***** DATA SHOWN

(* Let $L\ge 1$, let $\mathbf a\in\mathbb Z^L\setminus\{\mathbf 0\}$, let $\mathbf h_1,\ldots,\mathbf h_M\in\mathbb R^L\setminus\{\mathbf 0\}$ be channel states with probabilities $f_1,\ldots,f_M>0$, $\sum_m f_m=1$, and let $\bar P>0$. For $m=1,\ldots,M$ and $P\ge 0$ put $$R_m(P)=\tfrac12\log_2\frac{1+P\|\mathbf h_m\|^2}{\|\mathbf a\|^2+P\big(\|\mathbf h_m\|^2\|\mathbf a\|^2-(\mathbf h_m^T\mathbf a)^2\big)} ,$$ and consider the problem $DP1^{(s)}$: maximize $\sum_{m=1}^M f_m\max(0,R_m(P_m))$ over $P_1,\ldots,P_M$ subject to $\sum_{m=1}^M f_mP_m\le\bar P$ and $P_m\ge 0$ for all $m$. Let $\mathcal G=\{m:\|\mathbf h_m\|^2>\|\mathbf h_m\|^2\|\mathbf a\|^2-(\mathbf h_m^T\mathbf a)^2\}$ (the good set). For $\lambda>0$ define $P_m^{KKT}(\lambda)=\frac1\lambda-\frac1{\|\mathbf h_m\|^2}$ if $\mathbf h_m$ is collinear with $\mathbf a$, and otherwise $$P_m^{KKT}(\lambda)=\frac{-b_m+\sqrt{b_m^2-4d_mc_m(\lambda)}}{2d_m},$$ where $d_m=\|\mathbf h_m\|^2(\|\mathbf h_m\|^2\|\mathbf a\|^2-(\mathbf h_m^T\mathbf a)^2)$, $b_m=2\|\mathbf h_m\|^2\|\mathbf a\|^2-(\mathbf h_m^T\mathbf a)^2$, $c_m(\lambda)=\|\mathbf a\|^2-\frac{(\mathbf h_m^T\mathbf a)^2}{\lambda}$. Let $$\lambda_o=\min\Big\{\lambda>0\;\Big|\;R_m(P_m^{KKT}(\lambda))=R_m'(P_m^{KKT}(\lambda))\,P_m^{KKT}(\lambda)\text{ for some } m\in\mathcal G\Big\}$$ and $\bar P_o=\sum_{m\in\mathcal G}f_mP_m^{KKT}(\lambda_o)$. If $\bar P>\bar P_o$, then the optimal active set of $DP1^{(s)}$ equals $\mathcal G$, i.e., every optimal solution $(P_1^*,\ldots,P_M^* )$ satisfies $\{m: P_m^*>0\}=\mathcal G$.
   Context: Two nonzero vectors $\mathbf x_1,\mathbf x_2$ are collinear if $\mathbf x_1=c\,\mathbf x_2$ for some real $c$. The active set of a feasible solution $(P_1,\ldots,P_M)$ of $DP1^{(s)}$ is $\{m\in\{1,\ldots,M\}: P_m>0\}$; an optimal active set is the active set of an optimal solution. $R_m'$ denotes the derivative of $R_m$ in $P$. This is the symmetric power allocation policy (all $L$ users use the same power $P_m$ in state $m$) for compute-and-forward over a fading channel with unit-variance noise. *)

theory Defs
  imports "HOL-Analysis.Analysis"
begin

definition collinear_vec :: "'a::real_vector \<Rightarrow> 'a \<Rightarrow> bool" where
  "collinear_vec x y \<longleftrightarrow> (\<exists>c::real. x = c *\<^sub>R y)"

definition rate :: "'a::real_inner \<Rightarrow> 'a \<Rightarrow> real \<Rightarrow> real" where
  "rate a h P = (1/2) * log 2 ((1 + P * (norm h)\<^sup>2) /
      ((norm a)\<^sup>2 + P * ((norm h)\<^sup>2 * (norm a)\<^sup>2 - (inner h a)\<^sup>2)))"

definition dcoef :: "'a::real_inner \<Rightarrow> 'a \<Rightarrow> real" where
  "dcoef a h = (norm h)\<^sup>2 * ((norm h)\<^sup>2 * (norm a)\<^sup>2 - (inner h a)\<^sup>2)"

definition bcoef :: "'a::real_inner \<Rightarrow> 'a \<Rightarrow> real" where
  "bcoef a h = 2 * (norm h)\<^sup>2 * (norm a)\<^sup>2 - (inner h a)\<^sup>2"

definition ccoef :: "'a::real_inner \<Rightarrow> 'a \<Rightarrow> real \<Rightarrow> real" where
  "ccoef a h lam = (norm a)\<^sup>2 - (inner h a)\<^sup>2 / lam"

definition PKKT :: "'a::real_inner \<Rightarrow> 'a \<Rightarrow> real \<Rightarrow> real" where
  "PKKT a h lam =
     (if collinear_vec h a then 1 / lam - 1 / (norm h)\<^sup>2
      else (- bcoef a h + sqrt ((bcoef a h)\<^sup>2 - 4 * dcoef a h * ccoef a h lam))
           / (2 * dcoef a h))"

definition good_set :: "'a::real_inner \<Rightarrow> (nat \<Rightarrow> 'a) \<Rightarrow> nat \<Rightarrow> nat set" where
  "good_set a h M = {m \<in> {1..M}. (norm (h m))\<^sup>2 > (norm (h m))\<^sup>2 * (norm a)\<^sup>2 - (inner (h m) a)\<^sup>2}"

definition DP1_feasible :: "(nat \<Rightarrow> real) \<Rightarrow> nat \<Rightarrow> real \<Rightarrow> (nat \<Rightarrow> real) \<Rightarrow> bool" where
  "DP1_feasible f M Pbar P \<longleftrightarrow> (\<Sum>m=1..M. f m * P m) \<le> Pbar \<and> (\<forall>m\<in>{1..M}. P m \<ge> 0)"

definition DP1_obj :: "'a::real_inner \<Rightarrow> (nat \<Rightarrow> 'a) \<Rightarrow> (nat \<Rightarrow> real) \<Rightarrow> nat \<Rightarrow> (nat \<Rightarrow> real) \<Rightarrow> real" where
  "DP1_obj a h f M P = (\<Sum>m=1..M. f m * max 0 (rate a (h m) (P m)))"

definition DP1_optimal :: "'a::real_inner \<Rightarrow> (nat \<Rightarrow> 'a) \<Rightarrow> (nat \<Rightarrow> real) \<Rightarrow> nat \<Rightarrow> real \<Rightarrow> (nat \<Rightarrow> real) \<Rightarrow> bool" where
  "DP1_optimal a h f M Pbar P \<longleftrightarrow> DP1_feasible f M Pbar P \<and>
     (\<forall>Q. DP1_feasible f M Pbar Q \<longrightarrow> DP1_obj a h f M Q \<le> DP1_obj a h f M P)"

definition active_set :: "nat \<Rightarrow> (nat \<Rightarrow> real) \<Rightarrow> nat set" where
  "active_set M P = {m \<in> {1..M}. P m > 0}"

definition tangency :: "'a::real_inner \<Rightarrow> 'a \<Rightarrow> real \<Rightarrow> bool" where
  "tangency a h lam \<longleftrightarrow>
     rate a h (PKKT a h lam) = deriv (rate a h) (PKKT a h lam) * PKKT a h lam"

end

theory Submission
  imports Defs
begin

(* For a good state m, R_m is strictly concave and increasing on [0, \<infinity>) with
   R_m' = (h_m\<^sup>T a)\<^sup>2 / (2 ln 2 q_m), where q_m(P) = (1 + P |h_m|\<^sup>2)(|a|\<^sup>2 + P D_m),
   D_m = |h_m|\<^sup>2 |a|\<^sup>2 - (h_m\<^sup>T a)\<^sup>2, and P_m^KKT(\<lambda>) is the point where R_m' = \<lambda> / (2 ln 2).
   The intercept R_m(P) - R_m'(P) P of the tangent at P is increasing in P, and the
   tangency condition says that it vanishes at P_m^KKT(\<lambda>).  Hence for \<lambda> < \<lambda>_o the point
   P_m^KKT(\<lambda>) is positive and its tangent passes above the origin.  The total power
   \<Sum>_G f_m P_m^KKT(\<lambda>) is continuous, unbounded as \<lambda> \<rightarrow> 0 and below Pbar at \<lambda>_o, so some
   \<lambda>' < \<lambda>_o spends exactly Pbar.  Allocating P_m^KKT(\<lambda>') on G and 0 elsewhere then
   maximises every term max(0, R_m(P)) - \<lambda>' P / (2 ln 2) uniquely (on bad states R_m \<le> 0),
   so it is the unique optimum of DP1^(s), and its active set is G. *)

(* P^KKT(\<lambda>) is the root of kkt_poly a h P = (h\<^sup>T a)\<^sup>2 / \<lambda> on the branch where kkt_poly
   increases; there rate_slope equals \<lambda> / (2 ln 2). *)
definition kkt_poly :: "'a::real_inner \<Rightarrow> 'a \<Rightarrow> real \<Rightarrow> real" where
  "kkt_poly a h P = dcoef a h * P\<^sup>2 + bcoef a h * P + (norm a)\<^sup>2"

definition rate_slope :: "'a::real_inner \<Rightarrow> 'a \<Rightarrow> real \<Rightarrow> real" where
  "rate_slope a h P = (inner h a)\<^sup>2 / (2 * ln 2 * kkt_poly a h P)"

definition tangent_intercept :: "'a::real_inner \<Rightarrow> 'a \<Rightarrow> real \<Rightarrow> real" where
  "tangent_intercept a h P = rate a h P - rate_slope a h P * P"

lemma kkt_poly_eq:
  "kkt_poly a h P = (1 + P * (norm h)\<^sup>2) *
     ((norm a)\<^sup>2 + P * ((norm h)\<^sup>2 * (norm a)\<^sup>2 - (inner h a)\<^sup>2))"
  unfolding kkt_poly_def dcoef_def bcoef_def by (simp add: algebra_simps power2_eq_square)

lemma rate_has_real_derivative:
  fixes a h :: "'a::real_inner"
  assumes num: "0 < 1 + P * (norm h)\<^sup>2"
    and den: "0 < (norm a)\<^sup>2 + P * ((norm h)\<^sup>2 * (norm a)\<^sup>2 - (inner h a)\<^sup>2)"
  shows "(rate a h has_real_derivative rate_slope a h P) (at P)"
proof -
  define H A g where "H = (norm h)\<^sup>2" and "A = (norm a)\<^sup>2" and "g = (inner h a)\<^sup>2"
  define N E where "N = 1 + P * H" and "E = A + P * (H * A - g)"
  have "N > 0" "E > 0" using num den unfolding N_def E_def H_def A_def g_def .
  moreover have "H * E - N * (H * A - g) = g"
    unfolding N_def E_def by (simp add: algebra_simps)
  ultimately have "((\<lambda>x. 1 / 2 * log 2 ((1 + x * H) / (A + x * (H * A - g))))
      has_real_derivative g / (2 * ln 2 * (N * E))) (at P)"
    by (auto intro!: derivative_eq_intros simp flip: N_def E_def)
  then show ?thesis
    unfolding rate_def[abs_def] rate_slope_def kkt_poly_eq H_def A_def g_def N_def E_def .
qed

lemma inner_sq_le_norm_sq_mult: "(inner h a)\<^sup>2 \<le> (norm h)\<^sup>2 * (norm a)\<^sup>2"
  using Cauchy_Schwarz_ineq[of h a] by (simp add: power2_norm_eq_inner)

lemma rate_nonpos_if_not_good:
  assumes A: "1 \<le> (norm a)\<^sup>2"
    and bad: "(norm h)\<^sup>2 \<le> (norm h)\<^sup>2 * (norm a)\<^sup>2 - (inner h a)\<^sup>2" and P: "0 \<le> P"
  shows "rate a h P \<le> 0"
proof -
  define N E where "N = 1 + P * (norm h)\<^sup>2"
    and "E = (norm a)\<^sup>2 + P * ((norm h)\<^sup>2 * (norm a)\<^sup>2 - (inner h a)\<^sup>2)"
  have "0 < N" unfolding N_def using P by (simp add: add_pos_nonneg)
  moreover have "N \<le> E" unfolding N_def E_def using A mult_left_mono[OF bad P] by linarith
  ultimately have "0 < N / E" "N / E \<le> 1" by auto
  then show ?thesis unfolding rate_def N_def[symmetric] E_def[symmetric] by simp
qed

lemma norm_sq_ge_1_if_int_vector:
  fixes a :: "real ^ 'n"
  assumes "\<forall>i. a $ i \<in> \<int>" and "a \<noteq> 0"
  shows "1 \<le> (norm a)\<^sup>2"
proof -
  obtain i where "a $ i \<noteq> 0" using \<open>a \<noteq> 0\<close> by (metis vec_eq_iff zero_index)
  then have "1 \<le> \<bar>a $ i\<bar>" using assms(1) by (intro Ints_nonzero_abs_ge1) auto
  also have "\<dots> \<le> norm a" by (rule component_le_norm_cart)
  finally show ?thesis by (simp add: one_le_power)
qed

**********

» DIRECTIONS FOR THIS TASK
Begin with the line above that has "nat \<Rightarrow> nat" and continue through the line that has "P \<longleftrightarrow> (\<Sum>m=1..M.", setting each one down exactly. Stop there.

» YOUR SOLUTION
definition good_set :: "'a::real_inner \<Rightarrow> (nat \<Rightarrow> 'a) \<Rightarrow> nat \<Rightarrow> nat set" where
  "good_set a h M = {m \<in> {1..M}. (norm (h m))\<^sup>2 > (norm (h m))\<^sup>2 * (norm a)\<^sup>2 - (inner (h m) a)\<^sup>2}"

definition DP1_feasible :: "(nat \<Rightarrow> real) \<Rightarrow> nat \<Rightarrow> real \<Rightarrow> (nat \<Rightarrow> real) \<Rightarrow> bool" where
  "DP1_feasible f M Pbar P \<longleftrightarrow> (\<Sum>m=1..M. f m * P m) \<le> Pbar \<and> (\<forall>m\<in>{1..M}. P m \<ge> 0)"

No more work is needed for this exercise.